lemma mem_new_vertex_if_mem_vertex:
  assumes y: "y \<in> \<Psi>" and z: "z \<in> \<Psi>" and zy: "z \<in> V y"
  shows "z \<in> V' y"
proof (rule ccontr)
  assume z_new: "z \<notin> V' y"
  have yP: "y \<in> \<Phi>" "y \<notin> D" and zP: "z \<in> \<Phi>" "z \<notin> D" using y z by (auto simp: \<Psi>_def)
  have y_new: "y \<notin> V' z" using z_new orbit_sym[OF involutions_on_\<Psi>[of "[b1, a2]"] z] by auto
  have "y \<in> V z" using orbit_sym[OF involutions_on_\<Phi>[of "[a1, a2]"] yP(1) zy] by simp
  then have paths: "(y, z) \<in> (orbit_rel [a1, a2])\<^sup>*" "(z, y) \<in> (orbit_rel [a1, a2])\<^sup>*"
    using zy by (simp_all add: orbit_eq_rtrancl)
  obtain q where q: "q \<in> rerouted" "q \<in> V y" "z \<in> V' q"
    using old_path_new_orbit[OF a1_replaced_V paths(1) yP(1) zP(2)] z_new by blast
  obtain q' where q': "q' \<in> rerouted" "q' \<in> V z" "y \<in> V' q'"
    using old_path_new_orbit[OF a1_replaced_V paths(2) zP(1) yP(2)] y_new by blast
  have "V q = V y" "V q' = V y"
    using old_orbit_eq[of "[a1, a2]" y q] old_orbit_eq[of "[a1, a2]" z q']
      old_orbit_eq[of "[a1, a2]" y z] yP(1) zP(1) zy q(2) q'(2) by simp_all
  then have "V' q = V' q'"
    using rerouted_new_orbit[OF q(1), of "[b1, a2]"] rerouted_new_orbit[OF q'(1), of "[b1, a2]"]
      ends_distinct by auto
  then have "V' y = V' q"
    using q(1) q'(3) new_orbit_eq[of "[b1, a2]" q y] by (simp add: rerouted_def)
  then show False using q(3) z_new by simp
qed
text \<open>The components of \<open>{w. 2 \<delta> < infdist w K}\<close> through \<open>z\<close> exhaust the connected
  set \<open>-K\<close> as \<open>\<delta> \<rightarrow> 0\<close>, so one of them contains the compact set \<open>L\<close>.\<close>

lemma polynomially_convex_connected_nbhd:
  fixes K L :: "complex set"
  assumes K: "compact K" "K \<noteq> {}" and pc: "polynomially_convex K"
    and L: "compact L" "L \<inter> K = {}" and z: "z \<notin> K"
  obtains \<delta> W where "0 < \<delta>" "open W" "connected W" "L \<subseteq> W" "z \<in> W"
    "\<And>w y. w \<in> W \<Longrightarrow> y \<in> K \<Longrightarrow> 2 * \<delta> < dist w y"
proof -
  define C where "C \<delta> = connected_component_set {w. 2 * \<delta> < infdist w K} z" for \<delta>
  have C_open: "open (C \<delta>)" for \<delta>
    unfolding C_def by (intro open_connected_component open_Collect_less continuous_intros)
  have C_antimono: "C \<delta> \<subseteq> C \<delta>'" if "\<delta>' \<le> \<delta>" for \<delta> \<delta>'
    unfolding C_def using that by (intro connected_component_mono) auto
  have C_dist: "2 * \<delta> < dist w y" if "w \<in> C \<delta>" "y \<in> K" for w y \<delta>
    using that connected_component_subset[of _ z] infdist_le[of y K w] unfolding C_def by fastforce
  have "path_connected (- K)"
    using K(1) connected_complement_polynomially_convex[OF K(1) pc]
    by (intro connected_open_path_connected) (auto simp: compact_imp_closed)
  have exhaust: "\<exists>\<delta>>0. a \<in> C \<delta>" if a: "a \<in> insert z L" for a
  proof -
    have "a \<notin> K"
      using a z L(2) by auto
    then obtain g where g: "path g" "path_image g \<subseteq> - K" "pathstart g = a" "pathfinish g = z"
      using \<open>path_connected (- K)\<close> z unfolding path_connected_def by blast
    then obtain d where d: "0 < d" "\<And>x y. x \<in> path_image g \<Longrightarrow> y \<in> K \<Longrightarrow> d \<le> dist x y"
      using separate_compact_closed[of "path_image g" K] compact_path_image K(1)
      by (metis compact_imp_closed disjoint_eq_subset_Compl)
    have "path_image g \<subseteq> {w. 2 * (d / 4) < infdist w K}"
    proof
      fix x assume "x \<in> path_image g"
      then have "d \<le> infdist x K"
        using d(2) K(2) by (simp add: infdist_notempty cINF_greatest)
      then show "x \<in> {w. 2 * (d / 4) < infdist w K}"
        using d(1) by simp
    qed
    then have "a \<in> C (d / 4)"
      unfolding C_def using g connected_path_image
      by (metis connected_componentI mem_Collect_eq pathfinish_in_path_image pathstart_in_path_image)
    with d(1) show ?thesis
      by (intro exI[of _ "d / 4"]) auto
  qed
  then obtain \<delta>a where \<delta>a: "\<And>a. a \<in> insert z L \<Longrightarrow> 0 < \<delta>a a \<and> a \<in> C (\<delta>a a)"
    by metis
  have "insert z L \<subseteq> (\<Union>a\<in>insert z L. C (\<delta>a a))"
    using \<delta>a by blast
  then obtain A where A: "A \<subseteq> insert z L" "finite A" "insert z L \<subseteq> (\<Union>a\<in>A. C (\<delta>a a))"
    using compactE_image[OF compact_insert[OF L(1)] C_open] by metis
  then have "A \<noteq> {}"
    by auto
  define \<delta> where "\<delta> = Min (\<delta>a ` A)"
  have "0 < \<delta>"
    unfolding \<delta>_def using A \<open>A \<noteq> {}\<close> \<delta>a by (subst Min_gr_iff) auto
  moreover have "C (\<delta>a a) \<subseteq> C \<delta>" if "a \<in> A" for a
    unfolding \<delta>_def using A(2) that by (intro C_antimono Min_le) auto
  then have "insert z L \<subseteq> C \<delta>"
    using A(3) by blast
  ultimately show ?thesis
    using that[of \<delta> "C \<delta>"] C_open C_dist unfolding C_def by auto
qed
(* Let $(R,\mathfrak m,k)$ be a commutative noetherian local ring and $I$ an ideal with $\nu(I)=2$ and $\operatorname{grade}_R(I)=0$. Let $f_1,f_2$ be a minimal generating set of $I$, $S=R/I$, $E$ the Koszul complex on $f_1,f_2$ with $E_1$ having basis $v_1,v_2$, $\partial(v_i)=f_i$. Then the following are equivalent: (1) $I$ is a q.c.i. ideal; (2) $\mathrm H_1(E)\cong S^2$, $(0:_RI)=\Delta R$ and $(0:_R\Delta)=I$, where $\Delta=a_{11}a_{22}-a_{12}a_{21}$ for cycles $z_j=a_{1j}v_1+a_{2j}v_2$ ($j=1,2$, $a_{ij}\in R$) whose homology classes minimally generate $\mathrm H_1(E)$; (3) there exist elements $a,b,c,d\in\mathfrak m$ such that the sequence $$R^4\xrightarrow{d_3}R^3\xrightarrow{d_2}R^2\xrightarrow{d_1}R\xrightarrow{d_0}R\xrightarrow{d_1^{\mathrm T}}R^2$$ is exact, where $d_0$ is multiplication by $ad-bc$, $d_1=\begin{bmatrix} f_1& f_2\end{bmatrix}$, $$d_2=\begin{bmatrix}-f_2&a&b\\ f_1&c&d\end{bmatrix},\qquad d_3=\begin{bmatrix}-c&-d&a&b\\ f_1&0&f_2&0\\ 0&f_1&0&f_2\end{bmatrix}.$$
   Context: $\nu(M)$ denotes minimal number of generators. An ideal $I$ of a local ring $R$ with $\nu(I)=n$, minimal generating set $f_1,\dots,f_n$, Koszul complex $E$ on $f_1,\dots,f_n$ and $S=R/I$ is a quasi-complete intersection (q.c.i.) ideal if $\mathrm H_1(E)$ is a free $S$-module and the canonical homomorphism of graded $S$-algebras $\bigwedge^S_* \mathrm H_1(E)\to \mathrm H_*(E)$ is bijective. $\operatorname{grade}_R(I)$ is the maximal length of an $R$-regular sequence in $I$. *)

theory Defs
  imports Main
begin

definition is_ideal :: "'a::comm_ring_1 set \<Rightarrow> bool" where
  "is_ideal J \<longleftrightarrow> 0 \<in> J \<and> (\<forall>x\<in>J. \<forall>y\<in>J. x + y \<in> J) \<and> (\<forall>r. \<forall>x\<in>J. r * x \<in> J)"

definition ideal_gen :: "'a::comm_ring_1 set \<Rightarrow> 'a set" where
  "ideal_gen F = {x. \<exists>G c. finite G \<and> G \<subseteq> F \<and> x = (\<Sum>g\<in>G. c g * g)}"

definition noetherian_ring :: "'a::comm_ring_1 itself \<Rightarrow> bool" where
  "noetherian_ring _ \<longleftrightarrow>
     (\<forall>J::'a set. is_ideal J \<longrightarrow> (\<exists>F. finite F \<and> J = ideal_gen F))"

(* local ring: nonzero, and the non-units form an ideal (the maximal ideal) *)
definition local_ring :: "'a::comm_ring_1 itself \<Rightarrow> bool" where
  "local_ring _ \<longleftrightarrow> (0::'a) \<noteq> 1 \<and>
     (\<forall>x y::'a. \<not> x dvd 1 \<longrightarrow> \<not> y dvd 1 \<longrightarrow> \<not> ((x + y) dvd 1))"

definition max_ideal :: "'a::comm_ring_1 set" where
  "max_ideal = {x. \<not> x dvd 1}"

definition ann :: "'a::comm_ring_1 set \<Rightarrow> 'a set" where
  "ann J = {x. \<forall>y\<in>J. x * y = 0}"

definition I2 :: "'a::comm_ring_1 \<Rightarrow> 'a \<Rightarrow> 'a set" where
  "I2 f1 f2 = {x * f1 + y * f2 | x y. True}"

(* Koszul complex E on f1,f2:  0 -> R -> R^2 -> R -> 0,
   E_1 = R v1 + R v2 (pairs (x,y) = x v1 + y v2), E_2 = R (v1 \<and> v2),
   d(v_i) = f_i,  d(v1 \<and> v2) = f1 v2 - f2 v1. *)
definition kz_cycle :: "'a::comm_ring_1 \<Rightarrow> 'a \<Rightarrow> 'a \<times> 'a \<Rightarrow> bool" where
  "kz_cycle f1 f2 p \<longleftrightarrow> fst p * f1 + snd p * f2 = 0"

definition kz_bdry :: "'a::comm_ring_1 \<Rightarrow> 'a \<Rightarrow> 'a \<Rightarrow> 'a \<Rightarrow> bool" where
  "kz_bdry f1 f2 x y \<longleftrightarrow> (\<exists>r. x = - (r * f2) \<and> y = r * f1)"

(* 2-cycles of E (= H_2(E), as there are no 3-chains) *)
definition kz_H2 :: "'a::comm_ring_1 \<Rightarrow> 'a \<Rightarrow> 'a set" where
  "kz_H2 f1 f2 = {w. w * f1 = 0 \<and> w * f2 = 0}"

(* product z \<and> z' of two 1-chains, as coefficient of v1 \<and> v2 *)
definition kz_wedge :: "'a::comm_ring_1 \<times> 'a \<Rightarrow> 'a \<times> 'a \<Rightarrow> 'a" where
  "kz_wedge p q = fst p * snd q - snd p * fst q"

definition lincomb :: "(nat \<Rightarrow> 'a::comm_ring_1) \<Rightarrow> (nat \<Rightarrow> 'a \<times> 'a) \<Rightarrow> nat \<Rightarrow> 'a \<times> 'a" where
  "lincomb c z r = ((\<Sum>i<r. c i * fst (z i)), (\<Sum>i<r. c i * snd (z i)))"

definition H1_generates :: "'a::comm_ring_1 \<Rightarrow> 'a \<Rightarrow> (nat \<Rightarrow> 'a \<times> 'a) \<Rightarrow> nat \<Rightarrow> bool" where
  "H1_generates f1 f2 z r \<longleftrightarrow> (\<forall>i<r. kz_cycle f1 f2 (z i)) \<and>
     (\<forall>p. kz_cycle f1 f2 p \<longrightarrow>
        (\<exists>c. kz_bdry f1 f2 (fst p - fst (lincomb c z r)) (snd p - snd (lincomb c z r))))"

(* the classes are linearly independent over S = R/I *)
definition H1_indep :: "'a::comm_ring_1 \<Rightarrow> 'a \<Rightarrow> (nat \<Rightarrow> 'a \<times> 'a) \<Rightarrow> nat \<Rightarrow> bool" where
  "H1_indep f1 f2 z r \<longleftrightarrow>
     (\<forall>c. kz_bdry f1 f2 (fst (lincomb c z r)) (snd (lincomb c z r)) \<longrightarrow>
        (\<forall>i<r. c i \<in> I2 f1 f2))"
(* Consider the network model with social-oblivious mobility and FirstMeeting (FM) routing described in the context, and let $T^{so}_{FM}$ be the time at which the message is first delivered to $D$. Then $\mathbb{E}[T^{so}_{FM}]=\frac{1}{2\lambda}(1+o(1))$ as $n\to\infty$.
   Context: Network: $n+2$ nodes, a source $S$, a destination $D$ and relays $R_1,\dots,R_n$. For each unordered pair $\{A,B\}$ of nodes the meeting instants form a Poisson process of rate $\lambda_{AB}$, independently over pairs, starting at time $0$. Social-oblivious mobility: $\lambda_{AB}=\lambda$ for all pairs, a fixed constant $\lambda>0$. FM routing: $S$ holds two copies of a message for $D$ and always keeps one. If the first node met by $S$ among $\{D,R_1,\dots,R_n\}$ is $D$, the message is delivered then; otherwise the second copy is given to that first relay $R_j$, no further copies are created or transferred, and the message is delivered when the first of $S,R_j$ meets $D$. *)

theory Defs
  imports "HOL-Probability.Probability" "HOL-Library.Landau_Symbols"
begin

text \<open>Nodes are natural numbers: node 0 is the source S, node 1 the destination D,
  and node (j+1) is relay R_j for j = 1..n.  The meetings of the unordered pair {a,b}
  form a Poisson process of rate lam, encoded by i.i.d. Exp(lam) inter-meeting times
  w (min a b, max a b, i), i = 0,1,2,...\<close>

definition meeting_space :: "real \<Rightarrow> (nat \<times> nat \<times> nat \<Rightarrow> real) measure" where
  "meeting_space lam = PiM UNIV (\<lambda>_. density lborel (exponential_density lam))"
lemma doubling_radicals:
  fixes A c :: real
  assumes A: "0 \<le> A" "A \<le> 1" and c: "c = dup_N A / sqrt (dup_Q A)"
  shows "sqrt (1 + c\<^sup>2 + c ^ 4) = sqrt 3 * dup_P A / dup_Q A"
    and "sqrt (- 3 - 6 * c\<^sup>2 + 2 * sqrt 3 * (1 + 2 * c\<^sup>2) * sqrt (1 + c\<^sup>2 + c ^ 4))
      = sqrt 3 * sqrt (1 + 2 * c\<^sup>2) / sqrt (dup_Q A) * (4 * A ^ 2 - 2 * A + 1)"
proof -
  have q: "1 \<le> dup_Q A" using dup_Q_ge_1[OF A] .
  have c2: "c\<^sup>2 = dup_N A ^ 2 / dup_Q A"
    using q by (simp add: c power_divide)
  show root: "sqrt (1 + c\<^sup>2 + c ^ 4) = sqrt 3 * dup_P A / dup_Q A"
  proof (rule real_sqrt_unique)
    have "(sqrt 3 * dup_P A / dup_Q A)\<^sup>2 = 3 * dup_P A ^ 2 / dup_Q A ^ 2"
      by (simp add: power_mult_distrib power_divide)
    also have "3 * dup_P A ^ 2 = dup_Q A ^ 2 + dup_N A ^ 2 * dup_Q A + dup_N A ^ 4"
      unfolding dup_P_def dup_Q_def dup_N_def by algebra
    also have "(dup_Q A ^ 2 + dup_N A ^ 2 * dup_Q A + dup_N A ^ 4) / dup_Q A ^ 2
        = 1 + c\<^sup>2 + (c\<^sup>2)\<^sup>2"
      using q unfolding c2 by (simp add: field_simps power2_eq_square power4_eq_xxxx)
    finally show "(sqrt 3 * dup_P A / dup_Q A)\<^sup>2 = 1 + c\<^sup>2 + c ^ 4" by simp
    show "0 \<le> sqrt 3 * dup_P A / dup_Q A"
      using dup_P_pos[OF A] q by simp
  qed
  have "2 * dup_P A - dup_Q A = (4 * A ^ 2 - 2 * A + 1)\<^sup>2"
    unfolding dup_P_def dup_Q_def by algebra
  moreover have "- 3 - 6 * c\<^sup>2 + 2 * sqrt 3 * (1 + 2 * c\<^sup>2) * sqrt (1 + c\<^sup>2 + c ^ 4)
      = 3 * (1 + 2 * c\<^sup>2) / dup_Q A * (2 * dup_P A - dup_Q A)"
    unfolding root using q by (simp add: field_simps real_sqrt_mult_self_left)
  ultimately have "- 3 - 6 * c\<^sup>2 + 2 * sqrt 3 * (1 + 2 * c\<^sup>2) * sqrt (1 + c\<^sup>2 + c ^ 4)
      = 3 * (1 + 2 * c\<^sup>2) / dup_Q A * (4 * A ^ 2 - 2 * A + 1)\<^sup>2"
    by simp
  moreover have "0 < 4 * A ^ 2 - 2 * A + 1"
    using zero_le_power2[of "2 * A - 1 / 2"] by (simp add: power2_eq_square algebra_simps)
  moreover have "sqrt (3 * (1 + 2 * c\<^sup>2) / dup_Q A * (4 * A ^ 2 - 2 * A + 1)\<^sup>2)
      = sqrt 3 * sqrt (1 + 2 * c\<^sup>2) / sqrt (dup_Q A) * \<bar>4 * A ^ 2 - 2 * A + 1\<bar>"
    by (simp only: real_sqrt_mult real_sqrt_divide real_sqrt_abs)
  ultimately show "sqrt (- 3 - 6 * c\<^sup>2 + 2 * sqrt 3 * (1 + 2 * c\<^sup>2) * sqrt (1 + c\<^sup>2 + c ^ 4))
      = sqrt 3 * sqrt (1 + 2 * c\<^sup>2) / sqrt (dup_Q A) * (4 * A ^ 2 - 2 * A + 1)"
    by simp
qed

lemma doubling_inverse:
  fixes A c :: real
  assumes A: "0 \<le> A" "A \<le> 1" and c: "c = dup_N A / sqrt (dup_Q A)"
  shows "A = (c\<^sup>2 - 1) / (4 * c\<^sup>2 + 2)
     + sqrt 3 * sqrt (1 + c\<^sup>2 + c ^ 4) / (2 * sqrt (1 + 4 * c\<^sup>2 + 4 * c ^ 4))
     + sqrt 3 * c * sqrt (- 3 - 6 * c\<^sup>2 + 2 * sqrt 3 * (1 + 2 * c\<^sup>2) * sqrt (1 + c\<^sup>2 + c ^ 4))
       / (2 * (1 + 2 * c\<^sup>2) powr (3 / 2))"
proof -
  define p where "p = 1 + 2 * c\<^sup>2"
  define q where "q = dup_Q A"
  define T where "T = 4 * A ^ 2 - 2 * A + 1"
  have q: "1 \<le> q" unfolding q_def using dup_Q_ge_1[OF A] .
  have p: "0 < p" unfolding p_def by (simp add: add_pos_nonneg)
  have "sqrt (1 + 4 * c\<^sup>2 + 4 * c ^ 4) = p"
    by (rule real_sqrt_unique)
      (use p in \<open>simp_all add: p_def algebra_simps power2_eq_square power4_eq_xxxx\<close>)
  then have middle: "sqrt 3 * sqrt (1 + c\<^sup>2 + c ^ 4) / (2 * sqrt (1 + 4 * c\<^sup>2 + 4 * c ^ 4))
      = 3 * dup_P A / (2 * p * q)"
    unfolding doubling_radicals(1)[OF A c] q_def[symmetric] using p q
    by (simp add: field_simps real_sqrt_mult_self_left)
  have r2: "sqrt (- 3 - 6 * c\<^sup>2 + 2 * sqrt 3 * (1 + 2 * c\<^sup>2) * sqrt (1 + c\<^sup>2 + c ^ 4))
      = sqrt 3 * sqrt p / sqrt q * T"
    using doubling_radicals(2)[OF A c] by (simp add: p_def q_def T_def)
  have r3: "(1 + 2 * c\<^sup>2) powr (3 / 2) = p * sqrt p"
  proof -
    have "p powr (3 / 2) = p powr (1 + 1 / 2)" by simp
    also have "\<dots> = p * sqrt p"
      using p by (simp only: powr_add) (simp add: powr_half_sqrt)
    finally show ?thesis by (simp add: p_def)
  qed
  have last: "sqrt 3 * c * sqrt (- 3 - 6 * c\<^sup>2 + 2 * sqrt 3 * (1 + 2 * c\<^sup>2) * sqrt (1 + c\<^sup>2 + c ^ 4))
       / (2 * (1 + 2 * c\<^sup>2) powr (3 / 2))
      = 3 * c * T / (2 * p * sqrt q)"
    unfolding r2 r3 using p q by (simp add: field_simps real_sqrt_mult_self_left)
  have "(c\<^sup>2 - 1) / (4 * c\<^sup>2 + 2) + 3 * dup_P A / (2 * p * q) + 3 * c * T / (2 * p * sqrt q)
      = (dup_N A ^ 2 - q + 3 * dup_P A + 3 * dup_N A * T) / (2 * (p * q))"
  proof -
    have "c\<^sup>2 = dup_N A ^ 2 / q" using q by (simp add: c q_def power_divide)
    moreover have "4 * c\<^sup>2 + 2 = 2 * p" by (simp add: p_def)
    moreover have "sqrt q * sqrt q = q" using q by simp
    ultimately show ?thesis
      using p q unfolding c q_def[symmetric] by (simp add: field_simps)
  qed
  also have "\<dots> = A"
  proof -
    have "dup_N A ^ 2 - q + 3 * dup_P A + 3 * dup_N A * T = 6 * A * (1 + 8 * A ^ 3)"
      unfolding q_def T_def dup_N_def dup_Q_def dup_P_def by algebra
    moreover have "p * q = 3 * (1 + 8 * A ^ 3)"
    proof -
      have "p * q = q + 2 * dup_N A ^ 2"
        using q by (simp add: p_def c q_def power_divide field_simps)
      also have "\<dots> = 3 * (1 + 8 * A ^ 3)"
        unfolding q_def dup_N_def dup_Q_def by algebra
      finally show ?thesis .
    qed
    moreover have "0 < 1 + 8 * A ^ 3" using A by (simp add: add_pos_nonneg)
    ultimately show ?thesis by (simp add: field_simps)
  qed
  finally show ?thesis
    using middle last by simp
qed

theorem mainTheorem15:
  fixes l :: real
  defines "c \<equiv> cleaf 3 l"
  shows "(cleaf 3 (l / 2))\<^sup>2 =
     (c\<^sup>2 - 1) / (4 * c\<^sup>2 + 2)
     + sqrt 3 * sqrt (1 + c\<^sup>2 + c ^ 4) / (2 * sqrt (1 + 4 * c\<^sup>2 + 4 * c ^ 4))
     + sqrt 3 * c * sqrt (- 3 - 6 * c\<^sup>2 + 2 * sqrt 3 * (1 + 2 * c\<^sup>2) * sqrt (1 + c\<^sup>2 + c ^ 4))
       / (2 * (1 + 2 * c\<^sup>2) powr (3 / 2))"
proof (rule doubling_inverse)
  have "\<bar>cleaf 3 (l / 2)\<bar> \<le> 1"
    using is_cleaf_bounded[OF is_cleaf_cleaf] by simp
  then show "0 \<le> (cleaf 3 (l / 2))\<^sup>2" "(cleaf 3 (l / 2))\<^sup>2 \<le> 1"
    by (simp_all add: abs_square_le_1)
  show "c = dup_N ((cleaf 3 (l / 2))\<^sup>2) / sqrt (dup_Q ((cleaf 3 (l / 2))\<^sup>2))"
    unfolding c_def by (rule cleaf3_doubling)
qed

end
────────────────
▶ YOUR OBJECTIVE
In the records, which lines use the word "thesis"? Report them.

▶ SOLUTION TO THIS PROBLEM
    with d(1) show ?thesis
  ultimately show ?thesis
    finally show ?thesis by (simp add: p_def)
    ultimately show ?thesis
      finally show ?thesis .
    ultimately show ?thesis by (simp add: field_simps)
  finally show ?thesis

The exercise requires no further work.